Segment Start: DATA PROVIDED

(* Suppose $\sigma$ is an automorphism of the division ring $D$ and the skew polynomial ring $R=D[t;\sigma,\delta]$ is simple. Then there is no monic $f\in R$ of degree $m\ge 2$ such that $S_f$ is nonassociative and $D\subseteq \mathrm{Nuc}_r(S_f)$. In particular, there is no such $f$ with $S_f$ nonassociative and $D\subseteq\mathrm{Nuc}(S_f)$.
   Context: $D$ is an associative division ring, $\sigma$ a ring endomorphism of $D$, $\delta$ a left $\sigma$-derivation ($\delta$ additive, $\delta(ab)=\sigma(a)\delta(b)+\delta(a)b$). $R=D[t;\sigma,\delta]$ is the skew polynomial ring with $ta=\sigma(a)t+\delta(a)$. For monic $f\in R$ of degree $m$, $S_f$ denotes the set of polynomials of degree $<m$ with multiplication $g\circ h=$ remainder of $gh$ upon right division by $f$ (i.e. $gh=qf+r$, $\deg r<m$, and $g\circ h=r$). Associator $[x,y,z]=(xy)z-x(yz)$; $\mathrm{Nuc}_r(A)=\{x:[A,A,x]=0\}$, and $\mathrm{Nuc}(A)$ is the set of $x$ with $[x,A,A]=[A,x,A]=[A,A,x]=0$. $D$ is identified with the constant polynomials in $S_f$. *)

theory Defs
  imports "HOL-Computational_Algebra.Polynomial"
begin

text \<open>Skew polynomials D[t;sigma,delta] over a division ring D (a type of class
division_ring) are represented by their coefficient polynomials in 'a poly
(coefficient i is the coefficient of t^i, coefficients written on the left).
Only the additive structure of 'a poly is used; the skew multiplication is
defined below from the rule t a = sigma(a) t + delta(a).\<close>

definition ring_endo :: "('a::division_ring \<Rightarrow> 'a) \<Rightarrow> bool" where
  "ring_endo \<sigma> \<longleftrightarrow> (\<forall>a b. \<sigma> (a + b) = \<sigma> a + \<sigma> b) \<and> (\<forall>a b. \<sigma> (a * b) = \<sigma> a * \<sigma> b) \<and> \<sigma> 1 = 1"

definition ring_auto :: "('a::division_ring \<Rightarrow> 'a) \<Rightarrow> bool" where
  "ring_auto \<sigma> \<longleftrightarrow> ring_endo \<sigma> \<and> bij \<sigma>"

definition left_sigma_derivation :: "('a::division_ring \<Rightarrow> 'a) \<Rightarrow> ('a \<Rightarrow> 'a) \<Rightarrow> bool" where
  "left_sigma_derivation \<sigma> \<delta> \<longleftrightarrow> (\<forall>a b. \<delta> (a + b) = \<delta> a + \<delta> b) \<and>
     (\<forall>a b. \<delta> (a * b) = \<sigma> a * \<delta> b + \<delta> a * b)"

text \<open>Left multiplication by t: t (sum c_i t^i) = sum (sigma(c_i) t^(i+1) + delta(c_i) t^i).\<close>
definition tmul :: "('a::division_ring \<Rightarrow> 'a) \<Rightarrow> ('a \<Rightarrow> 'a) \<Rightarrow> 'a poly \<Rightarrow> 'a poly" where
  "tmul \<sigma> \<delta> p = pCons 0 (map_poly \<sigma> p) + map_poly \<delta> p"

definition lscal :: "'a::division_ring \<Rightarrow> 'a poly \<Rightarrow> 'a poly" where
  "lscal c p = map_poly (\<lambda>x. c * x) p"

definition tshift :: "nat \<Rightarrow> 'a::zero poly \<Rightarrow> 'a poly" where
  "tshift j p = ((pCons 0) ^^ j) p"

text \<open>Skew product: (a t^i)(b t^j) = a (t^i b) t^j, extended bilinearly.\<close>
definition skew_mult :: "('a::division_ring \<Rightarrow> 'a) \<Rightarrow> ('a \<Rightarrow> 'a) \<Rightarrow> 'a poly \<Rightarrow> 'a poly \<Rightarrow> 'a poly" where
  "skew_mult \<sigma> \<delta> p q = (\<Sum>i\<le>degree p. \<Sum>j\<le>degree q.
      lscal (coeff p i) (tshift j ((tmul \<sigma> \<delta> ^^ i) [:coeff q j:])))"

definition skew_rem :: "('a::division_ring \<Rightarrow> 'a) \<Rightarrow> ('a \<Rightarrow> 'a) \<Rightarrow> 'a poly \<Rightarrow> 'a poly \<Rightarrow> 'a poly" where
  "skew_rem \<sigma> \<delta> g f = (THE r. degree r < degree f \<and> (\<exists>q. g = skew_mult \<sigma> \<delta> q f + r))"

definition Sf_carrier :: "'a::division_ring poly \<Rightarrow> 'a poly set" where
  "Sf_carrier f = {g. degree g < degree f}"

definition Sf_mult :: "('a::division_ring \<Rightarrow> 'a) \<Rightarrow> ('a \<Rightarrow> 'a) \<Rightarrow> 'a poly \<Rightarrow> 'a poly \<Rightarrow> 'a poly \<Rightarrow> 'a poly" where
  "Sf_mult \<sigma> \<delta> f g h = skew_rem \<sigma> \<delta> (skew_mult \<sigma> \<delta> g h) f"

definition Sf_assoc :: "('a::division_ring \<Rightarrow> 'a) \<Rightarrow> ('a \<Rightarrow> 'a) \<Rightarrow> 'a poly \<Rightarrow> 'a poly \<Rightarrow> 'a poly \<Rightarrow> 'a poly \<Rightarrow> 'a poly" where
  "Sf_assoc \<sigma> \<delta> f x y z = Sf_mult \<sigma> \<delta> f (Sf_mult \<sigma> \<delta> f x y) z - Sf_mult \<sigma> \<delta> f x (Sf_mult \<sigma> \<delta> f y z)"

definition Sf_nonassoc :: "('a::division_ring \<Rightarrow> 'a) \<Rightarrow> ('a \<Rightarrow> 'a) \<Rightarrow> 'a poly \<Rightarrow> bool" where
  "Sf_nonassoc \<sigma> \<delta> f \<longleftrightarrow> (\<exists>x\<in>Sf_carrier f. \<exists>y\<in>Sf_carrier f. \<exists>z\<in>Sf_carrier f. Sf_assoc \<sigma> \<delta> f x y z \<noteq> 0)"

definition Sf_right_nucleus :: "('a::division_ring \<Rightarrow> 'a) \<Rightarrow> ('a \<Rightarrow> 'a) \<Rightarrow> 'a poly \<Rightarrow> 'a poly set" where
  "Sf_right_nucleus \<sigma> \<delta> f = {x \<in> Sf_carrier f. \<forall>a\<in>Sf_carrier f. \<forall>b\<in>Sf_carrier f. Sf_assoc \<sigma> \<delta> f a b x = 0}"

definition Sf_nucleus :: "('a::division_ring \<Rightarrow> 'a) \<Rightarrow> ('a \<Rightarrow> 'a) \<Rightarrow> 'a poly \<Rightarrow> 'a poly set" where
  "Sf_nucleus \<sigma> \<delta> f = {x \<in> Sf_carrier f. \<forall>a\<in>Sf_carrier f. \<forall>b\<in>Sf_carrier f.
      Sf_assoc \<sigma> \<delta> f x a b = 0 \<and> Sf_assoc \<sigma> \<delta> f a x b = 0 \<and> Sf_assoc \<sigma> \<delta> f a b x = 0}"

definition skew_ideal :: "('a::division_ring \<Rightarrow> 'a) \<Rightarrow> ('a \<Rightarrow> 'a) \<Rightarrow> 'a poly set \<Rightarrow> bool" where
  "skew_ideal \<sigma> \<delta> I \<longleftrightarrow> 0 \<in> I \<and> (\<forall>x\<in>I. \<forall>y\<in>I. x - y \<in> I) \<and>
     (\<forall>x\<in>I. \<forall>r. skew_mult \<sigma> \<delta> r x \<in> I \<and> skew_mult \<sigma> \<delta> x r \<in> I)"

Segment End: DATA PROVIDED

> _PROBLEM TO SOLVE_: Give back each line above exactly as written.

> _RESULT OF THIS EXERCISE_:
(* Suppose $\sigma$ is an automorphism of the division ring $D$ and the skew polynomial ring $R=D[t;\sigma,\delta]$ is simple. Then there is no monic $f\in R$ of degree $m\ge 2$ such that $S_f$ is nonassociative and $D\subseteq \mathrm{Nuc}_r(S_f)$. In particular, there is no such $f$ with $S_f$ nonassociative and $D\subseteq\mathrm{Nuc}(S_f)$.
   Context: $D$ is an associative division ring, $\sigma$ a ring endomorphism of $D$, $\delta$ a left $\sigma$-derivation ($\delta$ additive, $\delta(ab)=\sigma(a)\delta(b)+\delta(a)b$). $R=D[t;\sigma,\delta]$ is the skew polynomial ring with $ta=\sigma(a)t+\delta(a)$. For monic $f\in R$ of degree $m$, $S_f$ denotes the set of polynomials of degree $<m$ with multiplication $g\circ h=$ remainder of $gh$ upon right division by $f$ (i.e. $gh=qf+r$, $\deg r<m$, and $g\circ h=r$). Associator $[x,y,z]=(xy)z-x(yz)$; $\mathrm{Nuc}_r(A)=\{x:[A,A,x]=0\}$, and $\mathrm{Nuc}(A)$ is the set of $x$ with $[x,A,A]=[A,x,A]=[A,A,x]=0$. $D$ is identified with the constant polynomials in $S_f$. *)

theory Defs
  imports "HOL-Computational_Algebra.Polynomial"
begin

text \<open>Skew polynomials D[t;sigma,delta] over a division ring D (a type of class
division_ring) are represented by their coefficient polynomials in 'a poly
(coefficient i is the coefficient of t^i, coefficients written on the left).
Only the additive structure of 'a poly is used; the skew multiplication is
defined below from the rule t a = sigma(a) t + delta(a).\<close>

definition ring_endo :: "('a::division_ring \<Rightarrow> 'a) \<Rightarrow> bool" where
  "ring_endo \<sigma> \<longleftrightarrow> (\<forall>a b. \<sigma> (a + b) = \<sigma> a + \<sigma> b) \<and> (\<forall>a b. \<sigma> (a * b) = \<sigma> a * \<sigma> b) \<and> \<sigma> 1 = 1"

definition ring_auto :: "('a::division_ring \<Rightarrow> 'a) \<Rightarrow> bool" where
  "ring_auto \<sigma> \<longleftrightarrow> ring_endo \<sigma> \<and> bij \<sigma>"

definition left_sigma_derivation :: "('a::division_ring \<Rightarrow> 'a) \<Rightarrow> ('a \<Rightarrow> 'a) \<Rightarrow> bool" where
  "left_sigma_derivation \<sigma> \<delta> \<longleftrightarrow> (\<forall>a b. \<delta> (a + b) = \<delta> a + \<delta> b) \<and>
     (\<forall>a b. \<delta> (a * b) = \<sigma> a * \<delta> b + \<delta> a * b)"

text \<open>Left multiplication by t: t (sum c_i t^i) = sum (sigma(c_i) t^(i+1) + delta(c_i) t^i).\<close>
definition tmul :: "('a::division_ring \<Rightarrow> 'a) \<Rightarrow> ('a \<Rightarrow> 'a) \<Rightarrow> 'a poly \<Rightarrow> 'a poly" where
  "tmul \<sigma> \<delta> p = pCons 0 (map_poly \<sigma> p) + map_poly \<delta> p"

definition lscal :: "'a::division_ring \<Rightarrow> 'a poly \<Rightarrow> 'a poly" where
  "lscal c p = map_poly (\<lambda>x. c * x) p"

definition tshift :: "nat \<Rightarrow> 'a::zero poly \<Rightarrow> 'a poly" where
  "tshift j p = ((pCons 0) ^^ j) p"

text \<open>Skew product: (a t^i)(b t^j) = a (t^i b) t^j, extended bilinearly.\<close>
definition skew_mult :: "('a::division_ring \<Rightarrow> 'a) \<Rightarrow> ('a \<Rightarrow> 'a) \<Rightarrow> 'a poly \<Rightarrow> 'a poly \<Rightarrow> 'a poly" where
  "skew_mult \<sigma> \<delta> p q = (\<Sum>i\<le>degree p. \<Sum>j\<le>degree q.
      lscal (coeff p i) (tshift j ((tmul \<sigma> \<delta> ^^ i) [:coeff q j:])))"

definition skew_rem :: "('a::division_ring \<Rightarrow> 'a) \<Rightarrow> ('a \<Rightarrow> 'a) \<Rightarrow> 'a poly \<Rightarrow> 'a poly \<Rightarrow> 'a poly" where
  "skew_rem \<sigma> \<delta> g f = (THE r. degree r < degree f \<and> (\<exists>q. g = skew_mult \<sigma> \<delta> q f + r))"

definition Sf_carrier :: "'a::division_ring poly \<Rightarrow> 'a poly set" where
  "Sf_carrier f = {g. degree g < degree f}"

definition Sf_mult :: "('a::division_ring \<Rightarrow> 'a) \<Rightarrow> ('a \<Rightarrow> 'a) \<Rightarrow> 'a poly \<Rightarrow> 'a poly \<Rightarrow> 'a poly \<Rightarrow> 'a poly" where
  "Sf_mult \<sigma> \<delta> f g h = skew_rem \<sigma> \<delta> (skew_mult \<sigma> \<delta> g h) f"

definition Sf_assoc :: "('a::division_ring \<Rightarrow> 'a) \<Rightarrow> ('a \<Rightarrow> 'a) \<Rightarrow> 'a poly \<Rightarrow> 'a poly \<Rightarrow> 'a poly \<Rightarrow> 'a poly \<Rightarrow> 'a poly" where
  "Sf_assoc \<sigma> \<delta> f x y z = Sf_mult \<sigma> \<delta> f (Sf_mult \<sigma> \<delta> f x y) z - Sf_mult \<sigma> \<delta> f x (Sf_mult \<sigma> \<delta> f y z)"

definition Sf_nonassoc :: "('a::division_ring \<Rightarrow> 'a) \<Rightarrow> ('a \<Rightarrow> 'a) \<Rightarrow> 'a poly \<Rightarrow> bool" where
  "Sf_nonassoc \<sigma> \<delta> f \<longleftrightarrow> (\<exists>x\<in>Sf_carrier f. \<exists>y\<in>Sf_carrier f. \<exists>z\<in>Sf_carrier f. Sf_assoc \<sigma> \<delta> f x y z \<noteq> 0)"

definition Sf_right_nucleus :: "('a::division_ring \<Rightarrow> 'a) \<Rightarrow> ('a \<Rightarrow> 'a) \<Rightarrow> 'a poly \<Rightarrow> 'a poly set" where
  "Sf_right_nucleus \<sigma> \<delta> f = {x \<in> Sf_carrier f. \<forall>a\<in>Sf_carrier f. \<forall>b\<in>Sf_carrier f. Sf_assoc \<sigma> \<delta> f a b x = 0}"

definition Sf_nucleus :: "('a::division_ring \<Rightarrow> 'a) \<Rightarrow> ('a \<Rightarrow> 'a) \<Rightarrow> 'a poly \<Rightarrow> 'a poly set" where
  "Sf_nucleus \<sigma> \<delta> f = {x \<in> Sf_carrier f. \<forall>a\<in>Sf_carrier f. \<forall>b\<in>Sf_carrier f.
      Sf_assoc \<sigma> \<delta> f x a b = 0 \<and> Sf_assoc \<sigma> \<delta> f a x b = 0 \<and> Sf_assoc \<sigma> \<delta> f a b x = 0}"

definition skew_ideal :: "('a::division_ring \<Rightarrow> 'a) \<Rightarrow> ('a \<Rightarrow> 'a) \<Rightarrow> 'a poly set \<Rightarrow> bool" where
  "skew_ideal \<sigma> \<delta> I \<longleftrightarrow> 0 \<in> I \<and> (\<forall>x\<in>I. \<forall>y\<in>I. x - y \<in> I) \<and>
     (\<forall>x\<in>I. \<forall>r. skew_mult \<sigma> \<delta> r x \<in> I \<and> skew_mult \<sigma> \<delta> x r \<in> I)"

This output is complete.